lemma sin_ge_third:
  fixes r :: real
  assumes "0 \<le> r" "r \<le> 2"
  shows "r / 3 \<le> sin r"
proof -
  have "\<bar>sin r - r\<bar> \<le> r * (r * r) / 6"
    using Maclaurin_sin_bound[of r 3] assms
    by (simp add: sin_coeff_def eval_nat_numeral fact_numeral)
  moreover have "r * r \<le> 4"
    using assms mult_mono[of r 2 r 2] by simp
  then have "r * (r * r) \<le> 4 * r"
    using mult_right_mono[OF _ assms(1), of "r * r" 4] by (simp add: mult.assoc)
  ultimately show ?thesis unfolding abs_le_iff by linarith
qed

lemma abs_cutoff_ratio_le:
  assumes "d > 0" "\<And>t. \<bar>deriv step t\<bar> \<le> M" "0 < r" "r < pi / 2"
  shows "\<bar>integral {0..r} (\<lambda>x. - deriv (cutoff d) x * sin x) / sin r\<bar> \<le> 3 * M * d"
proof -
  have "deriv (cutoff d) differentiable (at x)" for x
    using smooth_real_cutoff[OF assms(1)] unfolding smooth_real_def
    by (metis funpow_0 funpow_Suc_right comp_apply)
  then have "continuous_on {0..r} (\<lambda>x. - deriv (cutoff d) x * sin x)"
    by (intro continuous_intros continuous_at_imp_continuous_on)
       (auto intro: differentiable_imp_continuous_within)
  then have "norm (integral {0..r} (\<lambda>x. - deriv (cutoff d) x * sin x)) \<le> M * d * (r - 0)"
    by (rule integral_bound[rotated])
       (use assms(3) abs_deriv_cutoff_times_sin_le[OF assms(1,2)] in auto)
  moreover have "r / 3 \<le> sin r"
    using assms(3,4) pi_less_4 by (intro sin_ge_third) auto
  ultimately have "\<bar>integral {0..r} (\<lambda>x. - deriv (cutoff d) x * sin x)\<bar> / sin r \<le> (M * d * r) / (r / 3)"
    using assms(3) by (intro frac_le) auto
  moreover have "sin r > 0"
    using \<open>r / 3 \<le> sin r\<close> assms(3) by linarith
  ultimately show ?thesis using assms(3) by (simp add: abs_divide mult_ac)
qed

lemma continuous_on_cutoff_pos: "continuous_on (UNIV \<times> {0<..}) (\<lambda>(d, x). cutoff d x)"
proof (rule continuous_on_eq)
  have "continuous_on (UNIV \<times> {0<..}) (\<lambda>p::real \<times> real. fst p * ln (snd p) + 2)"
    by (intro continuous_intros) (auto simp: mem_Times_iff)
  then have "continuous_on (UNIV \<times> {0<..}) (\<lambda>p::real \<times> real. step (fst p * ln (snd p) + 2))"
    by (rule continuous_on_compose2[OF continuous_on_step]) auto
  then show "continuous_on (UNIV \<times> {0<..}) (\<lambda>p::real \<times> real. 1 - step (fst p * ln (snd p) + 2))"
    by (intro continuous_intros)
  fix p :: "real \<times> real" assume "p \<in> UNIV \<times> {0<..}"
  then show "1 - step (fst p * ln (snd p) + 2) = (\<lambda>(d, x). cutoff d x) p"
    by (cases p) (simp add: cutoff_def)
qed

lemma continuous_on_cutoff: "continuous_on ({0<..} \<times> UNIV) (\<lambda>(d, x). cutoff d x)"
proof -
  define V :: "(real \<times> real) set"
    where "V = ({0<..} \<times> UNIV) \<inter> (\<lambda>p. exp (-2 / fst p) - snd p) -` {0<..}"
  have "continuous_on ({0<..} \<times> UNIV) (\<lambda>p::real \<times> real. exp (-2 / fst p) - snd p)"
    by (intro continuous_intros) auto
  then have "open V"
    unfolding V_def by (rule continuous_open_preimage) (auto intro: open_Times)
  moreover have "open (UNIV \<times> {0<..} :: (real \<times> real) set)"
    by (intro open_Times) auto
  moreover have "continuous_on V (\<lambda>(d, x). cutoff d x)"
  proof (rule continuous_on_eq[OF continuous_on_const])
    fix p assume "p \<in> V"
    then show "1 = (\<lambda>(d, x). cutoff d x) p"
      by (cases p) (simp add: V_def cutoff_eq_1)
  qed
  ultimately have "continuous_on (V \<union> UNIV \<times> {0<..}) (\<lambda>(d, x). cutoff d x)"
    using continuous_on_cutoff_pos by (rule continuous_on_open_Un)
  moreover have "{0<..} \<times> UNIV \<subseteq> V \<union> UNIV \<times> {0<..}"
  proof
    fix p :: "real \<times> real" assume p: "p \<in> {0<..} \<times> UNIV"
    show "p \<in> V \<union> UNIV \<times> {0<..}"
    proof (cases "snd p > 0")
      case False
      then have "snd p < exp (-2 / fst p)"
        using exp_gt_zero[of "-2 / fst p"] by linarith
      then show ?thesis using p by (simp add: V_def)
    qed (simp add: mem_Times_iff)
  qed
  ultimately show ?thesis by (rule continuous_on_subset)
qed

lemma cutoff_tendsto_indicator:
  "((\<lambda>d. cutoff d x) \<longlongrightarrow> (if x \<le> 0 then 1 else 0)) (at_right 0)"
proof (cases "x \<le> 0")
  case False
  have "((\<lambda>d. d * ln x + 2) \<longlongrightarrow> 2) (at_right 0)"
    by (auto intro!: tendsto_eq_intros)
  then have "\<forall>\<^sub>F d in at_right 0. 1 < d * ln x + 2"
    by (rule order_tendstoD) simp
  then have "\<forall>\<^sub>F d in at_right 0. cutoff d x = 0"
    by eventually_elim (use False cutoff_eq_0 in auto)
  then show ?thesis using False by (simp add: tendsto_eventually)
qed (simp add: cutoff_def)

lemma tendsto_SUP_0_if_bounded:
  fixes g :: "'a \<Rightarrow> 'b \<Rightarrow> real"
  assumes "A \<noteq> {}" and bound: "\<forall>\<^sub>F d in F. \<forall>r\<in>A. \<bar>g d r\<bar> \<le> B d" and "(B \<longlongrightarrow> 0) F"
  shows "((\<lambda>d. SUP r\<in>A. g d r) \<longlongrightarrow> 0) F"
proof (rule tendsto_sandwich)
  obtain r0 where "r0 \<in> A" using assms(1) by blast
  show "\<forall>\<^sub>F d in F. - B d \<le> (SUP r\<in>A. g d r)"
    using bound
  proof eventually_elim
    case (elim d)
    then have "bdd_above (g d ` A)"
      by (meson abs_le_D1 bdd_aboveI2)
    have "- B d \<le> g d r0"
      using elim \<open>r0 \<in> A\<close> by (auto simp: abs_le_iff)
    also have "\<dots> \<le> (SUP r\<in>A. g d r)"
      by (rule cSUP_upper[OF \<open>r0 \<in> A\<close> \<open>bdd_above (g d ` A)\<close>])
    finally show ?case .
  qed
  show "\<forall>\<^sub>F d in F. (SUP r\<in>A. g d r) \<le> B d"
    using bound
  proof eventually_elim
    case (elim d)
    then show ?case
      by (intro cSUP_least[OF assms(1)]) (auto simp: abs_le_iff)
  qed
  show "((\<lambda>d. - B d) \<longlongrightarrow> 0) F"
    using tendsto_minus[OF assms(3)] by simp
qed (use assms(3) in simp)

=-=-=

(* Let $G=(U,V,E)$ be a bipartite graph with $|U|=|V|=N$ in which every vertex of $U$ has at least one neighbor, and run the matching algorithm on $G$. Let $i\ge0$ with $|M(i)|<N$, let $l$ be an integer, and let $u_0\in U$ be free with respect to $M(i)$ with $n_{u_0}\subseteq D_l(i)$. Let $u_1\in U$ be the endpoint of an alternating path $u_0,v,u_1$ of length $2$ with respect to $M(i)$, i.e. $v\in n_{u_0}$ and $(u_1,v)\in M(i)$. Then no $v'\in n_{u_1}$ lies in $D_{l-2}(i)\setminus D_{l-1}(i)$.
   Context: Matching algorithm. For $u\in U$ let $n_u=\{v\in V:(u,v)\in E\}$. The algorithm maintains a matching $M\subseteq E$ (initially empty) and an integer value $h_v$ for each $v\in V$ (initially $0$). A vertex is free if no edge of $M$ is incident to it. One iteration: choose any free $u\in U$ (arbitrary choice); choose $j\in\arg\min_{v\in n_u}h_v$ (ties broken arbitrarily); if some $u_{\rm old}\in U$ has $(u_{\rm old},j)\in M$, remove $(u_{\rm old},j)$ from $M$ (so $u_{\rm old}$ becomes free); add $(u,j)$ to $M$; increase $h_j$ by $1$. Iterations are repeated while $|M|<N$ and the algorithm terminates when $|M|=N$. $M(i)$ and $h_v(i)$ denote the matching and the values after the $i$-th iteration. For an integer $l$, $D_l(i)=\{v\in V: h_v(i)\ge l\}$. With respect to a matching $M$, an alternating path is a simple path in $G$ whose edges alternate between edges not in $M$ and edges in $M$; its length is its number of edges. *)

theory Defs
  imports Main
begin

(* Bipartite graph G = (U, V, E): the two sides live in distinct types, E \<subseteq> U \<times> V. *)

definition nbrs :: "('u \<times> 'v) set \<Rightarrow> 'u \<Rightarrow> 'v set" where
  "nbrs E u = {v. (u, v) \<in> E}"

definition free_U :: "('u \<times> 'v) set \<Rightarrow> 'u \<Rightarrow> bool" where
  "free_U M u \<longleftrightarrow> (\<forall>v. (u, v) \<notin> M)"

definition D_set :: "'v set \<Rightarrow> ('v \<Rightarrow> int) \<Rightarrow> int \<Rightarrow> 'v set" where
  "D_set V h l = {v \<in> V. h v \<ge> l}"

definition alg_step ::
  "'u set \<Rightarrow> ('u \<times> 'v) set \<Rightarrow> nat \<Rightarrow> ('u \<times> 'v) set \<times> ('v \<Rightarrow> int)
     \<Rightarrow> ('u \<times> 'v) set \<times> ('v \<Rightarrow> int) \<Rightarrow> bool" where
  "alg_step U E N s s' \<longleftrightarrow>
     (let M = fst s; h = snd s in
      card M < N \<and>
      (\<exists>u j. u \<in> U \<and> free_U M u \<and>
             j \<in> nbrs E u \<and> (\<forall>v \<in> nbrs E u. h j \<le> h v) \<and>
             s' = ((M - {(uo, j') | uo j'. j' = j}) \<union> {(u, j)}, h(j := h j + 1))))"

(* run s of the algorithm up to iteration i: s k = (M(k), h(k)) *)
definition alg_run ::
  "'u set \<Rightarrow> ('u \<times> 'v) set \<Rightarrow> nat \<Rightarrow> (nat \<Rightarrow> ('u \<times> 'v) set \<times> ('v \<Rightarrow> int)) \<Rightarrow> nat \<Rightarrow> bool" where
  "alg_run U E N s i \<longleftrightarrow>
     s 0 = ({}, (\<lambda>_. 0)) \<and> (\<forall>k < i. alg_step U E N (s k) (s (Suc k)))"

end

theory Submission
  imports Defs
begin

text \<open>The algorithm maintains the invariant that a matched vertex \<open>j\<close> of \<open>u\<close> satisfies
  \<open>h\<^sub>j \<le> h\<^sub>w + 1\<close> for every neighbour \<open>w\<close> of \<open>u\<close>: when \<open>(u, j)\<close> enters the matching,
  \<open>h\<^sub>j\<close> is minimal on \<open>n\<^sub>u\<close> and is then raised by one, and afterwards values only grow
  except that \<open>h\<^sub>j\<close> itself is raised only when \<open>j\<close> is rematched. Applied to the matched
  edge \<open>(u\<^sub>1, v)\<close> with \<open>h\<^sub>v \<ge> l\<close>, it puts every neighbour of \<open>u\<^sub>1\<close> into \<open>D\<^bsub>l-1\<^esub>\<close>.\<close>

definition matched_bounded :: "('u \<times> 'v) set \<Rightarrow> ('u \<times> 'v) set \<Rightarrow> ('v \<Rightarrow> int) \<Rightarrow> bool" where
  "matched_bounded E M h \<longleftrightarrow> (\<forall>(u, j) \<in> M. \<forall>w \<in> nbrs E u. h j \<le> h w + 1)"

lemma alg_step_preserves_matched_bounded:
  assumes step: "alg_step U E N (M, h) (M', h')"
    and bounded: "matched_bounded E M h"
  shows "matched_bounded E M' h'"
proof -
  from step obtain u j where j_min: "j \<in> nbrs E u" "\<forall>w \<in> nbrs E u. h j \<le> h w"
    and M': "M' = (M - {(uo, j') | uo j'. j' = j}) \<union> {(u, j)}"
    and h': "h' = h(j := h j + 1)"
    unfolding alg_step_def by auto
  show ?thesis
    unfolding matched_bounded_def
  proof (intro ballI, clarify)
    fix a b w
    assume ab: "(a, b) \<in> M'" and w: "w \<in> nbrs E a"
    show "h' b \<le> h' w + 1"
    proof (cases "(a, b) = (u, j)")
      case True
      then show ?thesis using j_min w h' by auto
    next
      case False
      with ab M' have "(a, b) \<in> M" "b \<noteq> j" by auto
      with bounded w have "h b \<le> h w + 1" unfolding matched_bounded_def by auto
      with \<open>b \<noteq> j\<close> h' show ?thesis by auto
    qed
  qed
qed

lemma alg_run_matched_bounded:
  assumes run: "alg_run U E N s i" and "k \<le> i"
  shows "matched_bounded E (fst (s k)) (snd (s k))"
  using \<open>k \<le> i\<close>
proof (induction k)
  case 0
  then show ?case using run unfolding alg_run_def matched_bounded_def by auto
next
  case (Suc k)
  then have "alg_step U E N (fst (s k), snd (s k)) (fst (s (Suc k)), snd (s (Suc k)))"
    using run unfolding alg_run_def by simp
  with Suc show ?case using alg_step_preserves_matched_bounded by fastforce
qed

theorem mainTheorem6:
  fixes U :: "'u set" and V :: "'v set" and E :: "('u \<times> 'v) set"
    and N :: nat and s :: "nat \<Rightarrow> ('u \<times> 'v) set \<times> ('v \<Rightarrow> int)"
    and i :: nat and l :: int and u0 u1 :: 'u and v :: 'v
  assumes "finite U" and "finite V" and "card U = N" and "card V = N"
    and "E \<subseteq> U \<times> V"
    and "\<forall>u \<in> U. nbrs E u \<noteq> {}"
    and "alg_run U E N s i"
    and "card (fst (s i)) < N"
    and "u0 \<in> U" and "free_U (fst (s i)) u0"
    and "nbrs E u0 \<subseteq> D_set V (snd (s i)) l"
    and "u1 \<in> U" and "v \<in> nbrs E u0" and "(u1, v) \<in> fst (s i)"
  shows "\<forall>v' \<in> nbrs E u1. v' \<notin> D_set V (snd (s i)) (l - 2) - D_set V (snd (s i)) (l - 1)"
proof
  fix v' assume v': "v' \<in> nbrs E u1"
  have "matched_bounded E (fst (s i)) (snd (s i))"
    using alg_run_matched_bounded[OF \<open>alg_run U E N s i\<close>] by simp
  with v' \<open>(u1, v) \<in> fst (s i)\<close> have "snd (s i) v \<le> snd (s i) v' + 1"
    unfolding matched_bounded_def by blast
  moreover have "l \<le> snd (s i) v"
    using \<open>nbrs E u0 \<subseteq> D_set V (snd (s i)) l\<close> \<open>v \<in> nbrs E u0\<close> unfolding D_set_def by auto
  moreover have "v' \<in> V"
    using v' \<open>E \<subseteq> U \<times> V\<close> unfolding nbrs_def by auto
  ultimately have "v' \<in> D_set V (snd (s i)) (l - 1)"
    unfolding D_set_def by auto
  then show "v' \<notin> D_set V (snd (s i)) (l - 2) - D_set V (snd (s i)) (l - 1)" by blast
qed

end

=-=-=

Write down again, exactly as given, only the lines above that fall from the line with "(* run s of" to the line with "except that \<open>h\<^sub>j\<close>", inclusive.

(* run s of the algorithm up to iteration i: s k = (M(k), h(k)) *)
definition alg_run ::
  "'u set \<Rightarrow> ('u \<times> 'v) set \<Rightarrow> nat \<Rightarrow> (nat \<Rightarrow> ('u \<times> 'v) set \<times> ('v \<Rightarrow> int)) \<Rightarrow> nat \<Rightarrow> bool" where
  "alg_run U E N s i \<longleftrightarrow>
     s 0 = ({}, (\<lambda>_. 0)) \<and> (\<forall>k < i. alg_step U E N (s k) (s (Suc k)))"

end

theory Submission
  imports Defs
begin

text \<open>The algorithm maintains the invariant that a matched vertex \<open>j\<close> of \<open>u\<close> satisfies
  \<open>h\<^sub>j \<le> h\<^sub>w + 1\<close> for every neighbour \<open>w\<close> of \<open>u\<close>: when \<open>(u, j)\<close> enters the matching,
  \<open>h\<^sub>j\<close> is minimal on \<open>n\<^sub>u\<close> and is then raised by one, and afterwards values only grow
  except that \<open>h\<^sub>j\<close> itself is raised only when \<open>j\<close> is rematched. Applied to the matched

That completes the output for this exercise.